Their individual success is actually very similar and can by stated by less for more. Steve squeezed more processing for less power and size. Hermann gave less of the value in just a license not a product for more profit. This is a lesson for all in a large industry and one dominated by large players. There were chipsets creator who were very effective and advanced in doing that and ARM Holding allowed them to do it more efficiently and gain new advancements. Where it's competitors i.e. Intel relied on creating chipsets themselves. It may not have been a large disadvantage for Intel to produce their own but by selling a license instead of product allowed a small company be successful. It is claimed that their collaboration did not schedule its approach to market or management. The failure of Acorn highlights this although it was not critical, better to make industry ventures, evolve for the market and ultimately it was evolved when the market demand was there for RISC licenses. The success of understanding the chipset main value in mobile devices was its largest advancement and meant it's almost immediate roll out by Texas Instruments in Nokia devices which dominated demand at the beginning of the mobile era and led to 95% of the RISC chipset market share being dominated by ARM Holdings and poised to continue this.

This is some way from the latest ML the topic of the debate. A RISC chipset just can do a few procedures maybe calculate your weekly spending you have. Although this RISC chipset has changed and ML is not just about doing many procedures. This is because when many of these RISC chipsets are used and in a structure or network inspired by biology it can do ML much easier. This is demonstrated by Steve 's research project Spinnaker which is replicating 1 % of the brains power and neurones.

Hermann explains that ML is a change a significant because it makes new business models. It does stuff once done by someone can now be automated. ML according to Hermann is significant because it has new business models and can be done in so many more industries. The automation of any recognition from behaviour in Uber by FiveAI a company linked to Hermann to object recognition. Hermann correctly identifies that when this happened before there have been more job creation than losses although those who lost jobs were not those who gained the new jobs. This was again highlighted by a question if we are preparing for this transformation with Steve's answer a simple No. Despite the apparent certainty of ML and its advantages the there still lots uncertainty that's not known. Hermann agrees and describes the perpetual ability of humans to adapt to this uncertainty that makes it possible to incorporate ML to our advantage.

So can ML be used to reduce and maybe remove uncertainty i.e predict everything. Can hardware be biologically inspired similar to the Spinnaker project that Steve is leading. Can FiveAI reduce the margin in the probabilities so to automate decisions to a high enough level on decisions that do not matter to us so we can reduce our uncertainty. Maybe quantum computing devices can cope with the reducing of uncertain can we cope with not having the uncertainty.

The answers to these are very uncertain.

There of course are lessons to learn other than uncertain reduce is uncertain from this debate and it's panel. That this collaboration is heavily routed in one city Cambridge. That the success of something is very delayed. There are many giants which dominate sectors but innovation helps to avoid competition and conflict with them. Identifying the value in your offering is critical and giving less of it for more gives longevity. This is displayed by ARM Holdings 450 clients purchasing licenses giving more revenue to ARM than all of intel's revenue in total. The giant usually have some intrinsic method that defines them or is so incorporated they often choose to continue with it through brute force. Innovation usually cannot break this. This intrinsic method is their limitation, degradation or continuation of this giant. Innovation can move around this, facilitate and have other business models to become bigger than the giant.

Meaning of Edges

Meaning is just what you perceive and to some Scottish People Canny means you can't do something or you're not capable of doing something and to other Scottish People and everyone else it is some one who is so canny they found a way they could do something. So to those canny wee folk who cannily found a way to do what they thought they canny do don't forget that the step from canny to cannily doing is not so large.

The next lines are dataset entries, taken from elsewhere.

lemma sser_exp_coeff_recursion:
  assumes X: "\<And>j. gsmooth U (X j)" "\<And>j y. y \<in> U \<Longrightarrow> gr_supp m (X j y)"
      "\<And>j y. y \<in> U \<Longrightarrow> gr_parity 0 (X j y)"
    and trans: "\<And>n y. y \<in> U \<Longrightarrow>
      sser_exp m X n y = gscale ((-1) ^ n / fact n) ((commLap m \<rho> E \<Psi> ^^ n) G y)"
    and x: "x \<in> U"
  shows "(\<Sum>l\<le>k. gscale (of_nat (Suc l)) (gmult (X (Suc l) x) (sser_exp m X (k - l) x))) =
    (\<Sum>l\<le>k. gmult (abr m E \<Psi> (X l) x) (sser_exp m X (k - l) x)) - gmult (Lap m \<rho> E \<Psi> x) (sser_exp m X k x)"
proof -
  have "gscale (of_nat (Suc k)) (sser_exp m X (Suc k) x) =
      (\<Sum>l\<le>Suc k. gscale (of_nat l) (gmult (X l x) (sser_exp m X (Suc k - l) x)))"
    by (rule sser_exp_euler) (rule X(3)[OF x])
  then have "(\<Sum>l\<le>k. gscale (of_nat (Suc l)) (gmult (X (Suc l) x) (sser_exp m X (k - l) x)))
      = gscale (of_nat (Suc k)) (sser_exp m X (Suc k) x)"
    unfolding sum.atMost_Suc_shift by simp
  also have "\<dots> = abr m E \<Psi> (sser_exp m X k) x - gmult (Lap m \<rho> E \<Psi> x) (sser_exp m X k x)"
    by (rule commLap_series_Suc[OF gsmooth_sser_exp[OF U X(1)] gr_supp_sser_exp[OF X(2)] trans x])
  finally show ?thesis by (simp only: abr_sser_exp[OF U X x])
qed

text \<open>The recursion is triangular: \<open>X (Suc k)\<close> enters only through the term
  \<open>(Suc k) X (Suc k) e\<^sub>0\<close>, and \<open>e\<^sub>0\<close> can be cancelled.\<close>

lemma coeffs_unique_of_recursion:
  fixes X Y e :: "nat \<Rightarrow> 'n sfun"
  assumes rec: "\<And>k x. x \<in> U \<Longrightarrow>
      (\<Sum>l\<le>k. gscale (of_nat (Suc l)) (gmult (X (Suc l) x) (e (k - l) x))) =
      (\<Sum>l\<le>k. gmult (abr m E \<Psi> (X l) x) (e (k - l) x)) - gmult (Lap m \<rho> E \<Psi> x) (e k x)"
    and abr_Y: "\<And>l x. x \<in> U \<Longrightarrow>
      abr m E \<Psi> (Y l) x = gscale (of_nat (Suc l)) (Y (Suc l) x) + (if l = 0 then Lap m \<rho> E \<Psi> x else 0)"
    and X0: "\<And>x. x \<in> U \<Longrightarrow> X 0 x = Y 0 x"
    and cancel: "\<And>a b x. x \<in> U \<Longrightarrow> gr_finite a \<Longrightarrow> gr_finite b \<Longrightarrow>
      gmult a (e 0 x) = gmult b (e 0 x) \<Longrightarrow> a = b"
    and fin: "\<And>l x. x \<in> U \<Longrightarrow> gr_finite (X l x)" "\<And>l x. x \<in> U \<Longrightarrow> gr_finite (Y l x)"
    and x: "x \<in> U"
  shows "X n x = Y n x"
  using x
proof (induction n arbitrary: x rule: less_induct)
  case (less n)
  show ?case
  proof (cases n)
    case (Suc k)
    have IH: "X j y = Y j y" if "j \<le> k" "y \<in> U" for j y using less.IH Suc that by simp
    have "(\<Sum>l\<le>k. gscale (of_nat (Suc l)) (gmult (X (Suc l) x) (e (k - l) x))) =
        (\<Sum>l\<le>k. gmult (abr m E \<Psi> (Y l) x) (e (k - l) x)) - gmult (Lap m \<rho> E \<Psi> x) (e k x)"
    proof -
      have "abr m E \<Psi> (X l) x = abr m E \<Psi> (Y l) x" if "l \<le> k" for l
        by (rule abr_local[OF U less.prems]) (rule IH[OF that])
      then show ?thesis
        unfolding rec[OF less.prems] by (intro arg_cong2[where f = "(-)"] sum.cong refl) simp_all
    qed
    also have "\<dots> = (\<Sum>l\<le>k. gscale (of_nat (Suc l)) (gmult (Y (Suc l) x) (e (k - l) x)))"
    proof -
      have "gmult (abr m E \<Psi> (Y l) x) (e (k - l) x) = gscale (of_nat (Suc l)) (gmult (Y (Suc l) x) (e (k - l) x))
          + (if l = 0 then gmult (Lap m \<rho> E \<Psi> x) (e k x) else 0)" for l
        by (simp add: abr_Y[OF less.prems] gmult_add_left gmult_scale_left)
      then show ?thesis by (simp add: sum.distrib)
    qed
    also have "(\<Sum>l\<le>k. gscale (of_nat (Suc l)) (gmult (Y (Suc l) x) (e (k - l) x))) =
        (\<Sum>l<k. gscale (of_nat (Suc l)) (gmult (X (Suc l) x) (e (k - l) x)))
        + gscale (of_nat (Suc k)) (gmult (Y (Suc k) x) (e 0 x))"
      unfolding lessThan_Suc_atMost[symmetric] sum.lessThan_Suc using IH[OF _ less.prems] by simp
    finally have "gscale (of_nat (Suc k)) (gmult (X (Suc k) x) (e 0 x)) =
        gscale (of_nat (Suc k)) (gmult (Y (Suc k) x) (e 0 x))"
      unfolding lessThan_Suc_atMost[symmetric] sum.lessThan_Suc by simp
    then have "gmult (X (Suc k) x) (e 0 x) = gmult (Y (Suc k) x) (e 0 x)"
      by (rule gscale_cancel[OF of_nat_neq_0])
    then show ?thesis
      unfolding Suc by (rule cancel[OF less.prems fin(1)[OF less.prems] fin(2)[OF less.prems]])
  qed (use X0 less.prems in simp)
qed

Team Node - How to form your team of Edges

One of the fundamental of Data Science is the team. Whether you prefer your teams more A- Team or more regional chess team the experience of being propelled and enhanced by your teammates is something anyone who has been in a successful team cannot deny is a benefit. So how do successful teams operate, form and how to be in one or form one. We all know successful teams whether the one were in or ones we are fans of.

Forming that team is a skills not often recognised. How to form and who to include are sometimes the most difficult to do. There are memorable strategies one of which is entitled forming, storming, norming, performing and adjourning. The forming is similar to a canopy reception you do forming through collecting your name badge and meeting a few attendees around a table. This is before the storming begins. Then the canopies arrive a few make polite indication they are listing while reaching out to grab the parsing canopy other chase the canopies around the room. Other rush over to the canopies. Other quietly wait until halfway until the caviar is there. This is the storming where egos occur, teams iron out their conflicts and teams start to gel. The norming is the conversation that the egg pastry was the one canopy to get. It is similar to being not being able to get on the metro and complaining to the others that the metro is decrepit. It is the gelling of team members over something. This bonds teams. The next is the performing when you someone else joins your table and you instantly perform in team to ask questions. The last is the adjourning when the networking session ends.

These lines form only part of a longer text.